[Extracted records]
..........
lemma completion_from_U2:
  assumes "v \<in> U2" "pending2 v" "s \<in> cl R" "vanishes_on U (fst s)" "unit_on U (snd s) v"
  shows "\<exists>r\<in>cl F. oplus s r \<in> zero_part (cl R) U"
proof -
  obtain q0 q1 where "q0 \<in> prod_U R_red U2" "q1 \<in> cl (reac_U R_red U2)"
    "vanishes_on U2 (fst (oplus q0 q1))" "unit_on U2 (snd (oplus q0 q1)) v"
    using assms(2) unfolding pending2_def by blast
  then obtain r where r: "r \<in> cl (reac_U R_red U2)" "unit_on U2 (fst r) v" "vanishes_on U2 (snd r)"
    by (rule eliminable_completion[OF eliminable2])
  have "cl (reac_U R_red U2) \<subseteq> cl R_red" by (rule cl_mono) (auto simp: reac_U_iff)
  then have r_U1: "fst r k = 0 \<and> snd r k = 0" if "k \<in> U1" for k
    using cl_R_red_U1 r(1) that by blast
  have "r \<in> cl F" using r(1) cl_subset_cl[OF reac_U2_R_red_subset] by blast
  moreover have "oplus s r \<in> cl R" using assms(3) calculation cl_F_subset by (blast intro: cl_oplus)
  moreover have "fst (oplus s r) k = 0 \<and> snd (oplus s r) k = 0" if "k \<in> U" for k
  proof (cases "k \<in> U1")
    case True
    then have "k \<noteq> v" using assms(1) disjoint by blast
    then show ?thesis using True assms(4,5) r_U1 by simp
  next
    case False
    then show ?thesis using that assms(4,5) r(2,3) by simp
  qed
  ultimately show ?thesis unfolding zero_part_iff by blast
qed

lemma completion_without_U1_product:
  assumes "tracked s" "s \<in> cl R" "vanishes_on U (fst s)" "vanishes_on U1 (snd s)"
  shows "\<exists>r\<in>cl F. oplus s r \<in> zero_part (cl R) U"
proof (cases "vanishes_on U (snd s)")
  case True
  then have "oplus s zero_reaction \<in> zero_part (cl R) U"
    using assms(2,3) by (simp add: zero_part_iff)
  then show ?thesis using zero_reaction_in_cl by (rule bexI)
next
  case False
  then obtain v where v: "v \<in> U" "unit_on U (snd s) v" "pending v"
    using assms(1) unfolding tracked_def by blast
  have "v \<notin> U1" using v(1,2) assms(4) by force
  then show ?thesis
    using completion_from_U2[OF _ _ assms(2,3) v(2)] v(1,3) by (simp add: pending_def)
qed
..........
• **Task description**:
Repeat, without changes, every line from the one that contains "ultimately show ?thesis" through the final line of the data.

• **Result of this exercise**:
  ultimately show ?thesis unfolding zero_part_iff by blast
qed

lemma completion_without_U1_product:
  assumes "tracked s" "s \<in> cl R" "vanishes_on U (fst s)" "vanishes_on U1 (snd s)"
  shows "\<exists>r\<in>cl F. oplus s r \<in> zero_part (cl R) U"
proof (cases "vanishes_on U (snd s)")
  case True
  then have "oplus s zero_reaction \<in> zero_part (cl R) U"
    using assms(2,3) by (simp add: zero_part_iff)
  then show ?thesis using zero_reaction_in_cl by (rule bexI)
next
  case False
  then obtain v where v: "v \<in> U" "unit_on U (snd s) v" "pending v"
    using assms(1) unfolding tracked_def by blast
  have "v \<notin> U1" using v(1,2) assms(4) by force
  then show ?thesis
    using completion_from_U2[OF _ _ assms(2,3) v(2)] v(1,3) by (simp add: pending_def)
qed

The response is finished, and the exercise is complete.